D’autant plus que la théorie dominante expliquant ce type de conduite, la recherche de sensation (Zuckerman, 1979a), semble souffrir de plusieurs limites. Il apparaît, bien que la SSS, et notamment la sous échelle « recherche de danger et d’aventure », sont régulièrement reliées, et ce de façon robuste, à la participation à des sports à risques, que ce modèle n’explique pas, par exemple si des personnes vont prendre des risques dans un domaine de leur vie mais pas dans un autre (Slanger &

Rudestam, 1997), ou encore le fait que ces conduites soient pathologiques ou non pour l’individu (Adès & Lejoyeux, 2004 ; Michel et al., 1997 ; Pedinielli et al., 2005). En effet, la revue de la littérature effectuée nous a permis de mettre en évidence l’existence de recherches exposant des relations significatives entre les troubles de la régulation émotionnelle et l’engagement dans des sports extrêmes (Adès & Lejoyeux, 2004 ; Bonnet et al., 2003 ; Michel et al., 1997 ; Pedinielli et al., 2005). Ainsi des perturbations dans l’identification et l’expression des émotions, symptômes de l’alexithymie, pourraient faire le lit des comportements à risques. Les femmes alexithymiques chercheraient des stimulations inhabituelles pour résoudre leurs capacités réduites de représentation et de discrimination de leurs états subjectifs.

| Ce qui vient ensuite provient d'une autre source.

(* Let $P\subseteq[0,1]^d$ be a $0/1$-polytope and let $\varepsilon\in(0,1)$, $M>0$ be such that every polyhedron $K\subseteq\mathbb{R}^d$ with $P^\uparrow\subseteq K\subseteq(1-\varepsilon)P^\uparrow$ satisfies $\operatorname{xc}(K)\geq M$. Then $P^\uparrow\cap[0,1]^d$ does not admit an $\frac{\varepsilon}{d}$-LEF of size less than $M-3d$.
   Context: $P^\uparrow:=P+\mathbb{R}^d_{\geq0}$. $\operatorname{xc}(K)$ is the minimum number of facets of a polyhedron $Q$ of which $K$ is an affine image. Relative distance: for convex $A\subseteq B\subseteq\mathbb{R}^d$, $\operatorname{rdist}(A,B)=\sup_{\pi}\frac{\sup_{b\in B}\inf_{a\in A}|\pi(b)-\pi(a)|}{\sup_{a,a'\in A}|\pi(a)-\pi(a')|}$ over linear $\pi:\mathbb{R}^d\to\mathbb{R}$ (denominator $\infty$ and $0/0$ read as $0$). An $\varepsilon$-LEF of a convex set $C\subseteq\mathbb{R}^d$ is a pair $(Q,\pi)$, $Q\subseteq\mathbb{R}^\ell$ a polyhedron, $\pi:\mathbb{R}^\ell\to\mathbb{R}^d$ affine, with $C\subseteq\pi(Q)$ and $\operatorname{rdist}(C,\pi(Q))\leq\varepsilon$; its size is the number of facets of $Q$. *)

theory Defs
  imports "HOL-Analysis.Analysis" "HOL-Library.Extended_Real"
begin

text \<open>Points of R^l are represented as functions nat => real vanishing outside {0..<l}.\<close>

definition RL :: "nat \<Rightarrow> (nat \<Rightarrow> real) set" where
  "RL l = {x. \<forall>i\<ge>l. x i = 0}"

definition dotL :: "nat \<Rightarrow> (nat \<Rightarrow> real) \<Rightarrow> (nat \<Rightarrow> real) \<Rightarrow> real" where
  "dotL l c x = (\<Sum>i<l. c i * x i)"

definition polyhedronL :: "nat \<Rightarrow> (nat \<Rightarrow> real) set \<Rightarrow> bool" where
  "polyhedronL l Q \<longleftrightarrow> (\<exists>H :: ((nat \<Rightarrow> real) \<times> real) set. finite H \<and>
      Q = {x \<in> RL l. \<forall>(c, e)\<in>H. dotL l c x \<le> e})"

text \<open>Faces of a polyhedron (all faces of a polyhedron are exposed).\<close>
definition faceL :: "nat \<Rightarrow> (nat \<Rightarrow> real) set \<Rightarrow> (nat \<Rightarrow> real) set \<Rightarrow> bool" where
  "faceL l F Q \<longleftrightarrow> (\<exists>c e. (\<forall>x\<in>Q. dotL l c x \<le> e) \<and> F = {x \<in> Q. dotL l c x = e})"

definition facetL :: "nat \<Rightarrow> (nat \<Rightarrow> real) set \<Rightarrow> (nat \<Rightarrow> real) set \<Rightarrow> bool" where
  "facetL l F Q \<longleftrightarrow> faceL l F Q \<and> F \<noteq> {} \<and> F \<noteq> Q \<and>
     (\<forall>G. faceL l G Q \<and> G \<noteq> Q \<and> F \<subseteq> G \<longrightarrow> G = F)"

definition nfacets :: "nat \<Rightarrow> (nat \<Rightarrow> real) set \<Rightarrow> nat" where
  "nfacets l Q = card {F. facetL l F Q}"

definition affmap :: "nat \<Rightarrow> (nat \<Rightarrow> real ^ 'd) \<Rightarrow> real ^ 'd \<Rightarrow> (nat \<Rightarrow> real) \<Rightarrow> real ^ 'd" where
  "affmap l a b x = b + (\<Sum>i<l. x i *\<^sub>R a i)"

definition xc :: "(real ^ 'd) set \<Rightarrow> nat" where
  "xc K = Inf {n. \<exists>l Q a b. polyhedronL l Q \<and> K = affmap l a b ` Q \<and> nfacets l Q = n}"

definition up :: "(real ^ 'd) set \<Rightarrow> (real ^ 'd) set" where
  "up P = {p + v | p v. p \<in> P \<and> (\<forall>i. 0 \<le> v $ i)}"

definition zero_one_polytope :: "(real ^ 'd) set \<Rightarrow> bool" where
  "zero_one_polytope P \<longleftrightarrow> (\<exists>S. finite S \<and> (\<forall>x\<in>S. \<forall>i. x $ i = 0 \<or> x $ i = 1) \<and> P = convex hull S)"

definition rdist_ratio :: "(real ^ 'd) \<Rightarrow> (real ^ 'd) set \<Rightarrow> (real ^ 'd) set \<Rightarrow> ereal" where
  "rdist_ratio c A B =
    (let num = (SUP b\<in>B. INF a\<in>A. ereal \<bar>c \<bullet> b - c \<bullet> a\<bar>);
         den = (SUP p\<in>A \<times> A. ereal \<bar>c \<bullet> fst p - c \<bullet> snd p\<bar>)
     in if den = \<infinity> then 0
        else if den = 0 then (if num = 0 then 0 else \<infinity>)
        else num / den)"

definition rdist :: "(real ^ 'd) set \<Rightarrow> (real ^ 'd) set \<Rightarrow> ereal" where
  "rdist A B = (SUP c\<in>UNIV. rdist_ratio c A B)"

definition is_LEF :: "real \<Rightarrow> (real ^ 'd) set \<Rightarrow> nat \<Rightarrow> (nat \<Rightarrow> real) set
    \<Rightarrow> (nat \<Rightarrow> real ^ 'd) \<Rightarrow> real ^ 'd \<Rightarrow> bool" where
  "is_LEF \<epsilon> C l Q a b \<longleftrightarrow> polyhedronL l Q \<and> C \<subseteq> affmap l a b ` Q \<and>
     rdist C (affmap l a b ` Q) \<le> ereal \<epsilon>"

end

theory Submission
  imports Defs
begin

La pratique des sports à risques se caractérise par un engagement émotionnel de la part des participant(e)s du fait des caractéristiques exceptionnelles du milieu dans lequel ils (elles) évoluent (Cogan & Brown, 1999). En effet, cette pratique conjugue la confrontation aux limites (institutionnelles, identitaires, dépassement de soi…), la recherche d’éprouvés intenses (sensation de vertige, de vitesse, de contrôle…), et le besoin de régulation émotionnelle (reconnaissance des affects, renforcement narcissique, actions contra dépressives…), et pourrait donc refléter l’expression d’un mécanisme servant à masquer des conflits intrapsychiques.

Ainsi, par les réactions internes et externes que les conduites à risques suscitent, elles entraînent des mécanismes de régulation, variables selon les caractéristiques psycho-affectives des sujets (Selosse, 1998). Les objectifs adaptatifs de la régulation émotionnelle sont doubles. Premièrement elle permet de prévenir des niveaux de stress des émotions négatives et positives (Grolnick et al., 1996 ; Kopp, 1989 ) et des

comportements non adaptés (Cicchetti et al., 1995 ; Cicchetti et al., 1991).

Deuxièmement, elle est prédominante dans l’ouverture et la flexibilité émotionnelle (Labouvie-Vief et al., 1989).

Dans ce contexte, la recherche de stimulation (éprouvés intenses) à travers des conduites à risques deviendrait un moyen d’auto-régulation des troubles psycho-affectifs (Levenson, 1990 ; Michel et al., 1997 ; Shapiro et al., 1998 ; Spies, Hesse, Brandes, 1997 ; Taylor & Hamilton, 1997). Des études sur des sportifs prenant des risques intenses (Breivik, 1996 ; Dahlbäck, 1990 ; McMillen & Rachman, 1988 ; Ryn, 1969, 1988) semblent converger dans ce sens. Ainsi, la prise de risques chez les femmes serait dépendante d’un besoin de compenser ou de fuir les difficultés émotionnelles éprouvées dans leur quotidien. Bien que certaines activités soient théoriquement identifiées comme ayant une fonction d’évitement (toxicomanie, alcoolémie…) et d’autres une fonction de compensation (alpinisme, expédition…), la plupart des conduites à risques sont ambivalentes et servent ces deux fonctions à la fois ou par intermittence. De plus, les éprouvés émotionnels induits par l’engagement dans des sports extrêmes seraient recherchés non seulement pour autoréguler ses propres affects positifs et/ou négatifs mais aussi pour eux-mêmes. C’est-à-dire comme point de départ d’une exploration, ou d’une construction psycho émotionnelle.

Il semble donc justifié d’analyser les traits de personnalité des femmes engagées dans une activité sportive à risques afin de tenter de mieux comprendre leur organisation psychologique, sur le plan émotionnel et affectif.